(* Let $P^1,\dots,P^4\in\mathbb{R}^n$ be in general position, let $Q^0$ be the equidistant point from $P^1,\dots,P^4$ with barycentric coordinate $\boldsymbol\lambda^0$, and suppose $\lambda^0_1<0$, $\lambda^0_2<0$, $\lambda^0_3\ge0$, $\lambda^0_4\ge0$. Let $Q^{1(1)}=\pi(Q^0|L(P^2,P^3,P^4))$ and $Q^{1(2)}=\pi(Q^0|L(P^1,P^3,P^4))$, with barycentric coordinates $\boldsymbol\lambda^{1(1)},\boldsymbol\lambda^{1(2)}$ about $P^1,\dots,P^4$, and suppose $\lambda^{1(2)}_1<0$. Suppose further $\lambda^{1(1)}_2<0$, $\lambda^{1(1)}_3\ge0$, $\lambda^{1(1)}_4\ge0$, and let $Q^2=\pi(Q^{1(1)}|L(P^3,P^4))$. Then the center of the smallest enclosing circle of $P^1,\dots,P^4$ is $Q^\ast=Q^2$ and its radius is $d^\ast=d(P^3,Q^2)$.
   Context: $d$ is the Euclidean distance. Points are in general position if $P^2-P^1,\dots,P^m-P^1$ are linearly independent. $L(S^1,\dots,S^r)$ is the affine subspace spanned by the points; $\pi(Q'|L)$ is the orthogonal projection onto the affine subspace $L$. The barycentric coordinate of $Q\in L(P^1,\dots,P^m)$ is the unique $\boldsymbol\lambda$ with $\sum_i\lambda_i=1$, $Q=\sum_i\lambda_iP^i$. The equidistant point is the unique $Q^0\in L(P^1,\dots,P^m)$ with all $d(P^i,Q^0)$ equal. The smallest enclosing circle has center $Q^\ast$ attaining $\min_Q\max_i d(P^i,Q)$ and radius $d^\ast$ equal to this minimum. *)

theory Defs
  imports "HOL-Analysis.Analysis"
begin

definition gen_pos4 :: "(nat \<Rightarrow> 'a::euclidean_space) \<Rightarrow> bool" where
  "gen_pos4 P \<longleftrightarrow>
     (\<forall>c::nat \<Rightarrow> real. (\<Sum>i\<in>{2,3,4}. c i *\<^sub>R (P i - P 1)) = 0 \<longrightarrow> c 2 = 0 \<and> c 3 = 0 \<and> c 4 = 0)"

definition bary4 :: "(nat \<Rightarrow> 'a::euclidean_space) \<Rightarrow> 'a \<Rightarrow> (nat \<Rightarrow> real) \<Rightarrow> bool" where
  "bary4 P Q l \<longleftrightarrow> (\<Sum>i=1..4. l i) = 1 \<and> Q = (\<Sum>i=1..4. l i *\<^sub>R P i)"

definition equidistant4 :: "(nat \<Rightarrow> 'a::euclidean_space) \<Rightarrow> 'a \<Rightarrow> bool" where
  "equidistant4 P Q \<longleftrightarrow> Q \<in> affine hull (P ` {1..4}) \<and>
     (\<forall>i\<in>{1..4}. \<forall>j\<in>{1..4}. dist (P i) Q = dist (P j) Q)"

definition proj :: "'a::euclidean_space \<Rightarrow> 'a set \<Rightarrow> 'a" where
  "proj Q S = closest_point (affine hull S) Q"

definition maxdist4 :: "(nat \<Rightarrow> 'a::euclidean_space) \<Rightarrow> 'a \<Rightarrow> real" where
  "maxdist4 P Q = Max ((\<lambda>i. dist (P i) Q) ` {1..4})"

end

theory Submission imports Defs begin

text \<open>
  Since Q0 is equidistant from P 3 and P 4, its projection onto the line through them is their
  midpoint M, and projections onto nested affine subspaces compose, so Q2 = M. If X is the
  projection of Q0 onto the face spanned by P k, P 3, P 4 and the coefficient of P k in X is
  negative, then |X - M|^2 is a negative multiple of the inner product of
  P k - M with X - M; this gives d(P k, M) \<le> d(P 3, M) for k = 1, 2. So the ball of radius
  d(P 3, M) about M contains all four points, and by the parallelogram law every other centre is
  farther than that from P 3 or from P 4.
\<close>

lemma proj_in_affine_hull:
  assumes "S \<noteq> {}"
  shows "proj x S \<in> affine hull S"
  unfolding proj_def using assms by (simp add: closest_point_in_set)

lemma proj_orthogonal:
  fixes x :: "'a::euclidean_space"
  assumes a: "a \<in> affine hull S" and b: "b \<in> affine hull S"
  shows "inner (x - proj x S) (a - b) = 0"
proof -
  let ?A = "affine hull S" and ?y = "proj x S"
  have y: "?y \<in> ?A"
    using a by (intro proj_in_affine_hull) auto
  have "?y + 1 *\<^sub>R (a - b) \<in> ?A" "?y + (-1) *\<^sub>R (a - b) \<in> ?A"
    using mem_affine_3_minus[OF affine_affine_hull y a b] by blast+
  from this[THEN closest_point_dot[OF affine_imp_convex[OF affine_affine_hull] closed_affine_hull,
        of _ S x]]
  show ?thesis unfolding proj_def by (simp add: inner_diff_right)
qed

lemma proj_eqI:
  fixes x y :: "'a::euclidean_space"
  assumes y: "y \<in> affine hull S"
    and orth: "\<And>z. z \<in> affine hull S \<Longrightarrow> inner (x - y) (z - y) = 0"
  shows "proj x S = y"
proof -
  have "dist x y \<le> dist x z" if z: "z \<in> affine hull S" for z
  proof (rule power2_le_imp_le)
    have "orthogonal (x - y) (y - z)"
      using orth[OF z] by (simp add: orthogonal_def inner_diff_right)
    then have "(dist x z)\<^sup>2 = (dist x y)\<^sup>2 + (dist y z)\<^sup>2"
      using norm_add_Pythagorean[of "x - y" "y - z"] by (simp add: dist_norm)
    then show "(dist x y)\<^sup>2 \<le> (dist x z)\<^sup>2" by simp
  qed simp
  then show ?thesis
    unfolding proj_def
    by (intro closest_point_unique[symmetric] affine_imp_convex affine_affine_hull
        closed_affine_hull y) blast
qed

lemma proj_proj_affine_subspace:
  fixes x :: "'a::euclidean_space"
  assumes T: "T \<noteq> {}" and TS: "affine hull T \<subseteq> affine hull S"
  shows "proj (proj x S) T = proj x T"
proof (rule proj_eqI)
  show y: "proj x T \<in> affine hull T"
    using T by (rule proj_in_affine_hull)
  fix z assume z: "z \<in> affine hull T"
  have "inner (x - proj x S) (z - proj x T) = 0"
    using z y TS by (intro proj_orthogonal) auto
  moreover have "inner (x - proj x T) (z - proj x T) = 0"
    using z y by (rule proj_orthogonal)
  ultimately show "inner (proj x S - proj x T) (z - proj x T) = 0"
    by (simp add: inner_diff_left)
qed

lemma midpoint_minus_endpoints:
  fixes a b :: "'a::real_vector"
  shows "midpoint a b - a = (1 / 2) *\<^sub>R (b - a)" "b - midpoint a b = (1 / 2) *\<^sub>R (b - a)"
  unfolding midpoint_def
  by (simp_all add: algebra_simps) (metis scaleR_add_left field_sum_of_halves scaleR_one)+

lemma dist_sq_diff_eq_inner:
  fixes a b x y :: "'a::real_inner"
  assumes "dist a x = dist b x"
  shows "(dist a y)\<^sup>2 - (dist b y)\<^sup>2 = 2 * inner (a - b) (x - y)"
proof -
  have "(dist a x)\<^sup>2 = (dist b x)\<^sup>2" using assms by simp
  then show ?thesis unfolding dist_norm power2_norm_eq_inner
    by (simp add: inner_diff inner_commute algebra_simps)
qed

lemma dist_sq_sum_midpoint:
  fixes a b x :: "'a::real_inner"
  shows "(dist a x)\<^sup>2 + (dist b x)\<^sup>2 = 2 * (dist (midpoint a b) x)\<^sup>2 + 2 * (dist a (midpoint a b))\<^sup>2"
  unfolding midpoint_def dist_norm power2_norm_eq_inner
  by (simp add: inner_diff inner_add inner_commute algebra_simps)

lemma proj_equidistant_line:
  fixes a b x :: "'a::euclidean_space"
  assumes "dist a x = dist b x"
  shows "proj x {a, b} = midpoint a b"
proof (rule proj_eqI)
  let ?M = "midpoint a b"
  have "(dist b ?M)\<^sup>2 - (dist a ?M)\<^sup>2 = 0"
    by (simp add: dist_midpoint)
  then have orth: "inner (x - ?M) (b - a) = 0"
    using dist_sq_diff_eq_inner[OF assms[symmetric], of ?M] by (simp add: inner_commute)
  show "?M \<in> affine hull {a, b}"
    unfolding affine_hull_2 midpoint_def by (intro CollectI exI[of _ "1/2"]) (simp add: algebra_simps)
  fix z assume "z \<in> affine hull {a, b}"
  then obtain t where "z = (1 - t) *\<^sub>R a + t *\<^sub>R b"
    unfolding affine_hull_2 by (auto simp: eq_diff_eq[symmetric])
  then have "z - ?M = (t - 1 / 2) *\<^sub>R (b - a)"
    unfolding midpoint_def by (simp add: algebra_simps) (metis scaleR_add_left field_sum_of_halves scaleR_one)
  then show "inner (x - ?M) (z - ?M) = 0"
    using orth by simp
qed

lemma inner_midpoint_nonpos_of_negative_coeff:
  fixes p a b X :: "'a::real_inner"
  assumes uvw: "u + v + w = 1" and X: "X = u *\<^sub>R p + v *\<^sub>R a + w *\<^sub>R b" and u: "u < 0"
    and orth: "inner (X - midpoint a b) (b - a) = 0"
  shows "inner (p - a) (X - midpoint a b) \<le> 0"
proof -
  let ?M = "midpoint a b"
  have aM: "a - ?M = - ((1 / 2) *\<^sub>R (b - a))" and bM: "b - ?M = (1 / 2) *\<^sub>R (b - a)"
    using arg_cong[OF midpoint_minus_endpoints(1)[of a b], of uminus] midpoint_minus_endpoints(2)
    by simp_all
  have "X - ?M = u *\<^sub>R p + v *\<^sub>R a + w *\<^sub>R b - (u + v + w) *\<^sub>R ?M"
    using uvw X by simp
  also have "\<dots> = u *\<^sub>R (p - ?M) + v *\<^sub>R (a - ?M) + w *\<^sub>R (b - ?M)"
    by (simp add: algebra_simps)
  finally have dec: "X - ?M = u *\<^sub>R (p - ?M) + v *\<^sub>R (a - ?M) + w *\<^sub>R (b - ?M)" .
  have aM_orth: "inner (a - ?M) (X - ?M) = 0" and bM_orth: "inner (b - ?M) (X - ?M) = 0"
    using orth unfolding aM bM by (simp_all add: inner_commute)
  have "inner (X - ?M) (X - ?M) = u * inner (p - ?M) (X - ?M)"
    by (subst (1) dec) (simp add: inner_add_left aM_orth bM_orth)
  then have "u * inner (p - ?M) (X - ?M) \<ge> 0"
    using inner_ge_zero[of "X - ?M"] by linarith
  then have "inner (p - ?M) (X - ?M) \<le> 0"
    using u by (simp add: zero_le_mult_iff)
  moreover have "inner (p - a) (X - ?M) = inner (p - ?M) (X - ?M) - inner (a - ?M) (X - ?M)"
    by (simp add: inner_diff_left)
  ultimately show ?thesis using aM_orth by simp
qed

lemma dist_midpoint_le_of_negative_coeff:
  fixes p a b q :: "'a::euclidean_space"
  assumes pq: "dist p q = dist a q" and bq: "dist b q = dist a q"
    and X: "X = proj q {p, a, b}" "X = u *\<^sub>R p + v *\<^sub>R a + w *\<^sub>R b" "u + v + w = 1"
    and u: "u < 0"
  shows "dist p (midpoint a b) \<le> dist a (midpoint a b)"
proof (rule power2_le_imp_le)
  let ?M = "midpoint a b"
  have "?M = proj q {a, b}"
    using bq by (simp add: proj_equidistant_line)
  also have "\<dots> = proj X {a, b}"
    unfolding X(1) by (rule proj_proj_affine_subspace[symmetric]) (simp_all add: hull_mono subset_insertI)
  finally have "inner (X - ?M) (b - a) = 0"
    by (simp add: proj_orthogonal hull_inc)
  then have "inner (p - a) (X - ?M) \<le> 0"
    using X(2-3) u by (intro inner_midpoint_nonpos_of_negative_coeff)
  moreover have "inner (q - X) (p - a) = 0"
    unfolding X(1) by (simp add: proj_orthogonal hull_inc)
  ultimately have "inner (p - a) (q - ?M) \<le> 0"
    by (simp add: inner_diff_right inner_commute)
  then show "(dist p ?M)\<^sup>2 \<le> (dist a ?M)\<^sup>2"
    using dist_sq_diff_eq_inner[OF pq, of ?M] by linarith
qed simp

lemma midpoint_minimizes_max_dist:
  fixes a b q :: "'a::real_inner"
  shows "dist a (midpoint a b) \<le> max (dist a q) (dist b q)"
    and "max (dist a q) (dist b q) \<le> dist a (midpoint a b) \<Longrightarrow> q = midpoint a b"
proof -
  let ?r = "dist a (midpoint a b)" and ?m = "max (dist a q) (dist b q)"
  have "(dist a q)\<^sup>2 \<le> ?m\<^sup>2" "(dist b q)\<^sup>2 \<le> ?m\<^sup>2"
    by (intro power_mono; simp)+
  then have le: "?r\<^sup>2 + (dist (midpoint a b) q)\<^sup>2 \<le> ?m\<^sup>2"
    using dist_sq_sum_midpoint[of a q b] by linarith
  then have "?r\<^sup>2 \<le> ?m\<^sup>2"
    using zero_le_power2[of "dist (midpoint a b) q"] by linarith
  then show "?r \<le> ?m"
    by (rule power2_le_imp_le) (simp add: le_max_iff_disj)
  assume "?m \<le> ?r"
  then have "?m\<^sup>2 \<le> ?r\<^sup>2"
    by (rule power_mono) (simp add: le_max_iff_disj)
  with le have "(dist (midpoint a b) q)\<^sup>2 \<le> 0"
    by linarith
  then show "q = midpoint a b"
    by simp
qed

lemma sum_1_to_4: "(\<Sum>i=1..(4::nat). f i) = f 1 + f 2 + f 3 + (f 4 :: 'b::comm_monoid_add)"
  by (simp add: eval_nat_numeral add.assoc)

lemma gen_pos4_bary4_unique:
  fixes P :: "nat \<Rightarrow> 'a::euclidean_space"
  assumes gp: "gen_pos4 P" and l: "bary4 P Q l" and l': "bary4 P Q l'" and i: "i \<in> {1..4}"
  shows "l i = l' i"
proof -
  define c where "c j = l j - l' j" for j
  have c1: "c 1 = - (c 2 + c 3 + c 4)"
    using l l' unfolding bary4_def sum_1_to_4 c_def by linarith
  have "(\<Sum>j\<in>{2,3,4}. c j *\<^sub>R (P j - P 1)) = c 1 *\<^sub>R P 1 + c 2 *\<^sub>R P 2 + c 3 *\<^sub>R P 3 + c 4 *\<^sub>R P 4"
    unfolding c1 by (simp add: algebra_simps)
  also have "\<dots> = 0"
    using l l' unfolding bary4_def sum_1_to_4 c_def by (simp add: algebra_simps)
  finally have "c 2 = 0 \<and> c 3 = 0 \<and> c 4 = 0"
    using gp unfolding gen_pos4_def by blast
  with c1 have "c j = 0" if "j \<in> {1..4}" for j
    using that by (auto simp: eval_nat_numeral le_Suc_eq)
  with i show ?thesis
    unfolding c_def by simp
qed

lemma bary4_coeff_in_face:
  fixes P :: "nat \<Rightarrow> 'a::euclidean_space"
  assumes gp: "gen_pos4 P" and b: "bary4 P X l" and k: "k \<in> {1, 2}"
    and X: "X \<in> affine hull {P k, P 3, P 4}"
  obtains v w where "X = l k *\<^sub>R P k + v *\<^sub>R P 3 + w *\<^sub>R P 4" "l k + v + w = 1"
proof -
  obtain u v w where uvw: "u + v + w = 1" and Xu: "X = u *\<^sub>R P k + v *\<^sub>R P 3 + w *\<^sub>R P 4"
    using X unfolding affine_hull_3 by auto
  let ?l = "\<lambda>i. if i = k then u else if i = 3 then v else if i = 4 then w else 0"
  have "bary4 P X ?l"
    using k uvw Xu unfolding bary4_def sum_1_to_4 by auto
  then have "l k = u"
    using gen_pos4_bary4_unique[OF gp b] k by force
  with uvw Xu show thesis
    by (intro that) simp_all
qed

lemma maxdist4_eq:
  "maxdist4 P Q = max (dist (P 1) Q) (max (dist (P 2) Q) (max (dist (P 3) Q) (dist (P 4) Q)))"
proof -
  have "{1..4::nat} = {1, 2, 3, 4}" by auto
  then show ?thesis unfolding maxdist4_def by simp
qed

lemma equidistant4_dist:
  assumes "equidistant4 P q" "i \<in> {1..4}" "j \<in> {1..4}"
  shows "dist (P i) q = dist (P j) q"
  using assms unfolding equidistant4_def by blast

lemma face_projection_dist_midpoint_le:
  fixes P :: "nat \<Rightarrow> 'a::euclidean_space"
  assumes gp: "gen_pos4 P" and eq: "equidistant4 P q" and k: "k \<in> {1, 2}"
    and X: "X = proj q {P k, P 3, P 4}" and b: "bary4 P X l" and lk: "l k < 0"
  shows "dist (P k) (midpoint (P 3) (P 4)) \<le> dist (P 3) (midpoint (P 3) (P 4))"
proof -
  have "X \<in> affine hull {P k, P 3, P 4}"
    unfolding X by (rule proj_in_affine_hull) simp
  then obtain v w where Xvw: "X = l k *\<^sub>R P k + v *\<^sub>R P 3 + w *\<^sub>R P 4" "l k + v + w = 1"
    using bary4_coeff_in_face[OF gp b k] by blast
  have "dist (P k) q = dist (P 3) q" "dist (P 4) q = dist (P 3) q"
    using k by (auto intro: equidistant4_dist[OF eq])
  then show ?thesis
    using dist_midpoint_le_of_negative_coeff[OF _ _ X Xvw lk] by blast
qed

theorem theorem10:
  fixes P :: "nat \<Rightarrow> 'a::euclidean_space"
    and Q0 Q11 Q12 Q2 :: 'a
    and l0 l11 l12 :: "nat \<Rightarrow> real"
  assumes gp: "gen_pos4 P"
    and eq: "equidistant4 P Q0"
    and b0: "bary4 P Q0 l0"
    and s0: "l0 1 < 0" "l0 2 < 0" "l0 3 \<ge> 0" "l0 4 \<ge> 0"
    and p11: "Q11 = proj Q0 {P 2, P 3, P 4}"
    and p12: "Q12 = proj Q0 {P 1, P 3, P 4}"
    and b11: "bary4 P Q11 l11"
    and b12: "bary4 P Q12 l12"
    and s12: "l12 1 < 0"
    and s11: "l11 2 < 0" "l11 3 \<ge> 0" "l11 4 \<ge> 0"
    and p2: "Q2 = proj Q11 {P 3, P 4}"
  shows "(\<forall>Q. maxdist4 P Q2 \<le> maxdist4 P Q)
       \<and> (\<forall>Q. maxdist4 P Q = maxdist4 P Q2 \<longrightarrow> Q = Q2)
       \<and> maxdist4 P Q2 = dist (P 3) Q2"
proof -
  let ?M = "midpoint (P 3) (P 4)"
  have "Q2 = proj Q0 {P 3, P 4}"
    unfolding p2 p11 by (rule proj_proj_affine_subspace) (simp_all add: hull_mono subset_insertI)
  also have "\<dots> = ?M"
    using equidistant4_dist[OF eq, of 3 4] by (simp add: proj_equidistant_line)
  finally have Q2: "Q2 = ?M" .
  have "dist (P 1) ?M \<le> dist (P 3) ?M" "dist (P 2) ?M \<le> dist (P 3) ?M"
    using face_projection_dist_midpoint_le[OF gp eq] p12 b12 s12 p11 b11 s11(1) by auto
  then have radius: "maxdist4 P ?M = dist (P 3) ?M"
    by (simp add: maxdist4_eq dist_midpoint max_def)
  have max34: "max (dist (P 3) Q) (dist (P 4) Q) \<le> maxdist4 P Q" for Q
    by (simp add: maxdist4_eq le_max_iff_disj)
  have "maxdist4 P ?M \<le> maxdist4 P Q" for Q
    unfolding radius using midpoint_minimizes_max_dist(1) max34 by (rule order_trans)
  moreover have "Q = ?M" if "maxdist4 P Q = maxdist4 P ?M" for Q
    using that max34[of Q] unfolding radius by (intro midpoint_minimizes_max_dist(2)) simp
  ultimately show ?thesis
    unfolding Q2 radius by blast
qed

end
----
PROBLEM
State how many lines of the records hold the string "noteq", and nothing else.

ANSWER TO THIS PROBLEM
2